ABOUT THIS TASK – When you reach the line in the data below that contains "using holomorphic_has_inverse[OF holF", please start repeating lines exactly, and stop after the line that contains "by (rule pole_theorem_open_0[OF", repeating nothing else.
(DATA SHOWN Opens)
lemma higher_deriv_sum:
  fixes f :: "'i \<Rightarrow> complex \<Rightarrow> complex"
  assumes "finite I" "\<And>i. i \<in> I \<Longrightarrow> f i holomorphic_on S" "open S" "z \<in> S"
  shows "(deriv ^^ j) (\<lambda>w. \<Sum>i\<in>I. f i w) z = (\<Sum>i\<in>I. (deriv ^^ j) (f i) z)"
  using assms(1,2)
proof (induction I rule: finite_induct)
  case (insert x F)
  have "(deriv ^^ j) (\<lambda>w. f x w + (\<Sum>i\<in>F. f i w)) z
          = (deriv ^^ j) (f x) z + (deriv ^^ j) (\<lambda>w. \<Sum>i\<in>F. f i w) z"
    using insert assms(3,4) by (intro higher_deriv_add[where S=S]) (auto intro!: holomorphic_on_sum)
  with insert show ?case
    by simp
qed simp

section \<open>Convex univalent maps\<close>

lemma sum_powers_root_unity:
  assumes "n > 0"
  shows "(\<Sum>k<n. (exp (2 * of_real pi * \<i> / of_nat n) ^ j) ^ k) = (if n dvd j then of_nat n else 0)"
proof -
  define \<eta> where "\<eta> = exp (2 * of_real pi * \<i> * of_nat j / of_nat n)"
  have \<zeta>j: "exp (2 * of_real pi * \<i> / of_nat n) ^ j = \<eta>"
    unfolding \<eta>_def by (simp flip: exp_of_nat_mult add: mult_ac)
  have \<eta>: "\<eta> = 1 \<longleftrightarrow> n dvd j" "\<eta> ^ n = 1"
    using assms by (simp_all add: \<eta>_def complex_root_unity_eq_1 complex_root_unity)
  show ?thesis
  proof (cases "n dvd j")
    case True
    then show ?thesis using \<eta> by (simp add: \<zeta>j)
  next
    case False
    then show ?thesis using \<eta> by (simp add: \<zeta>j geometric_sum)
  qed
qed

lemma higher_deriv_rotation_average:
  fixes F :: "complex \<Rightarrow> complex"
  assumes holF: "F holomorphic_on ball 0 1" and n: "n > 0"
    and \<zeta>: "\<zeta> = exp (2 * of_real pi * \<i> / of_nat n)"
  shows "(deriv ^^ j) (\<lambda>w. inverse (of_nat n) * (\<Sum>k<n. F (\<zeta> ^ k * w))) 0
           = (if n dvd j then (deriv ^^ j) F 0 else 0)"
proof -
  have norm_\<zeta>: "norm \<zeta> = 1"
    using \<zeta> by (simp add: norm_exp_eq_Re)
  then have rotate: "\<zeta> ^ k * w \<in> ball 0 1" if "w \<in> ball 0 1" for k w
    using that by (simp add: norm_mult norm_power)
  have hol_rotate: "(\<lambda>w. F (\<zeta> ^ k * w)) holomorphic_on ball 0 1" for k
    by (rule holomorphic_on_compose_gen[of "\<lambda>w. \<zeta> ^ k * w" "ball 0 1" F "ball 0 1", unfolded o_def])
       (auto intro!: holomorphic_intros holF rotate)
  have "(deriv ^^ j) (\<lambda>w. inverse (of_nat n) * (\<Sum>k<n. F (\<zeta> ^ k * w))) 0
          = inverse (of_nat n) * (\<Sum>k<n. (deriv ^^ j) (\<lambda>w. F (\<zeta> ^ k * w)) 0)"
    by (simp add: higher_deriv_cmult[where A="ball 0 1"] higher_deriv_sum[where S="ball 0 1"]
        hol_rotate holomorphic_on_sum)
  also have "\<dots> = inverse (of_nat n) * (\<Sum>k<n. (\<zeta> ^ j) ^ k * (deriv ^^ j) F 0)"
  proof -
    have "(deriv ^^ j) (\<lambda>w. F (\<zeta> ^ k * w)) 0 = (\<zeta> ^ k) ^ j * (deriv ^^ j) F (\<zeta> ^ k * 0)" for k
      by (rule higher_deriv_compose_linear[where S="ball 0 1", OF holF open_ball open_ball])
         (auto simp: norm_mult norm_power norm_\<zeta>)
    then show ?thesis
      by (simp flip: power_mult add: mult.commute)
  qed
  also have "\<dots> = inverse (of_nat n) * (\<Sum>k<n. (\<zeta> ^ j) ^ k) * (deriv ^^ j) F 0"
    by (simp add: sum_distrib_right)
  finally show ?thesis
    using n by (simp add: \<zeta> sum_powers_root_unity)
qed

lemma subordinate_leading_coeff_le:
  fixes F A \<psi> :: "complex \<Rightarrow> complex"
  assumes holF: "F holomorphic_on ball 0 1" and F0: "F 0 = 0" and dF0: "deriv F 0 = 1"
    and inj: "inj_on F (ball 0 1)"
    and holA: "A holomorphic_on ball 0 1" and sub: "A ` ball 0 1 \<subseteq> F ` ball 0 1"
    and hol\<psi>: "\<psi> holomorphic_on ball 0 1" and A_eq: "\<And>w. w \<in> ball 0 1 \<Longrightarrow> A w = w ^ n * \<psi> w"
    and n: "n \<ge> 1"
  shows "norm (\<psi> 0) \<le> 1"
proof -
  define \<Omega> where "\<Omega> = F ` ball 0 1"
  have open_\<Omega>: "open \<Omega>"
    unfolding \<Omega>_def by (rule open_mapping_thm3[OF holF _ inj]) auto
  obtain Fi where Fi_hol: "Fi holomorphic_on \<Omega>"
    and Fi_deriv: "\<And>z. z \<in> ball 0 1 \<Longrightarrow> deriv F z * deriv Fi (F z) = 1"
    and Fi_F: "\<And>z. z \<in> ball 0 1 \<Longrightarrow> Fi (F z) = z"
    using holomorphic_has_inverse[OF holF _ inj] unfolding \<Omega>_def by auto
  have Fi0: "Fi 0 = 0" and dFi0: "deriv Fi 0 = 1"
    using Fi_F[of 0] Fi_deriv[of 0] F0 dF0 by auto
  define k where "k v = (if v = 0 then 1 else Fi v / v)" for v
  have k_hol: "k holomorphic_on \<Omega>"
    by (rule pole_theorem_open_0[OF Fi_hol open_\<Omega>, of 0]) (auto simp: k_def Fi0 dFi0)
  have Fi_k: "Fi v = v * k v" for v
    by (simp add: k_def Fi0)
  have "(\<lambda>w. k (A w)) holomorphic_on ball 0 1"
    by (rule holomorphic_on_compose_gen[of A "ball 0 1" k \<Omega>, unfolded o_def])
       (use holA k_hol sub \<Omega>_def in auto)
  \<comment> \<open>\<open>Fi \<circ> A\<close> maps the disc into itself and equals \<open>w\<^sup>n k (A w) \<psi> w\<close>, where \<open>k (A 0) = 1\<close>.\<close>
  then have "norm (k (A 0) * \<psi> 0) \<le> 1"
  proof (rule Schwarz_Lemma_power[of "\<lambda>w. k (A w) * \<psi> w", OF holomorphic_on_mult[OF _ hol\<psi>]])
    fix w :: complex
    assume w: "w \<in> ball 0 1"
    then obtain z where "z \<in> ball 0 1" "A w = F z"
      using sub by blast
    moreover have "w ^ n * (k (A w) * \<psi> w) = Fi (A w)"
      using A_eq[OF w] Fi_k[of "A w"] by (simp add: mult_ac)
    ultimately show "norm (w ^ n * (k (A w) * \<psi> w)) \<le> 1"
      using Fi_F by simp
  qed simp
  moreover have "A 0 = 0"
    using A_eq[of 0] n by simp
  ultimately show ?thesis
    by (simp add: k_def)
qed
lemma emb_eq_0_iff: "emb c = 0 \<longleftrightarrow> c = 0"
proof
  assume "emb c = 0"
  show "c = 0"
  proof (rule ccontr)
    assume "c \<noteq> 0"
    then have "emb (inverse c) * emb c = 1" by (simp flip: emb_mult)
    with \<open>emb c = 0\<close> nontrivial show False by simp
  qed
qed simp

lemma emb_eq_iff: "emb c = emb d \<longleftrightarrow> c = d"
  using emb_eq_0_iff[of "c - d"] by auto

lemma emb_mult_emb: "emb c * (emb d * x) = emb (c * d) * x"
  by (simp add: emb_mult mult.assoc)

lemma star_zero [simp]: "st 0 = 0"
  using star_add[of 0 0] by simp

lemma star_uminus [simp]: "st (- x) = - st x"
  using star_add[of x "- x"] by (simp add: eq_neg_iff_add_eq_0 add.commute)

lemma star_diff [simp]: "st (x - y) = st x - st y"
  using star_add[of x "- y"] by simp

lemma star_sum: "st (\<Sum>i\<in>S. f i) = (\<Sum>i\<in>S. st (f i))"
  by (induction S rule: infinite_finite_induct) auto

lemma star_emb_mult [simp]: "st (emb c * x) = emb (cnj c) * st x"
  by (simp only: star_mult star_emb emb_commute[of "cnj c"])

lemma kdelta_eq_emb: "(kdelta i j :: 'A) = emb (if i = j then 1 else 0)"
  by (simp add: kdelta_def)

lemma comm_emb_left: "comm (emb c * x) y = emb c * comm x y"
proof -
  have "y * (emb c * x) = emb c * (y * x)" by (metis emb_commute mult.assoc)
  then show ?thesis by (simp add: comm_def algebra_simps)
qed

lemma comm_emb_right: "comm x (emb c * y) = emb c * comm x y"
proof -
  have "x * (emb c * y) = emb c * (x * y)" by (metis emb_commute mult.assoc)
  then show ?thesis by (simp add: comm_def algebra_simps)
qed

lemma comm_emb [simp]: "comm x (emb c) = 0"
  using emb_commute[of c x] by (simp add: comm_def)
(DATA SHOWN Closes)
RESPONSE –
    using holomorphic_has_inverse[OF holF _ inj] unfolding \<Omega>_def by auto
  have Fi0: "Fi 0 = 0" and dFi0: "deriv Fi 0 = 1"
    using Fi_F[of 0] Fi_deriv[of 0] F0 dF0 by auto
  define k where "k v = (if v = 0 then 1 else Fi v / v)" for v
  have k_hol: "k holomorphic_on \<Omega>"
    by (rule pole_theorem_open_0[OF Fi_hol open_\<Omega>, of 0]) (auto simp: k_def Fi0 dFi0)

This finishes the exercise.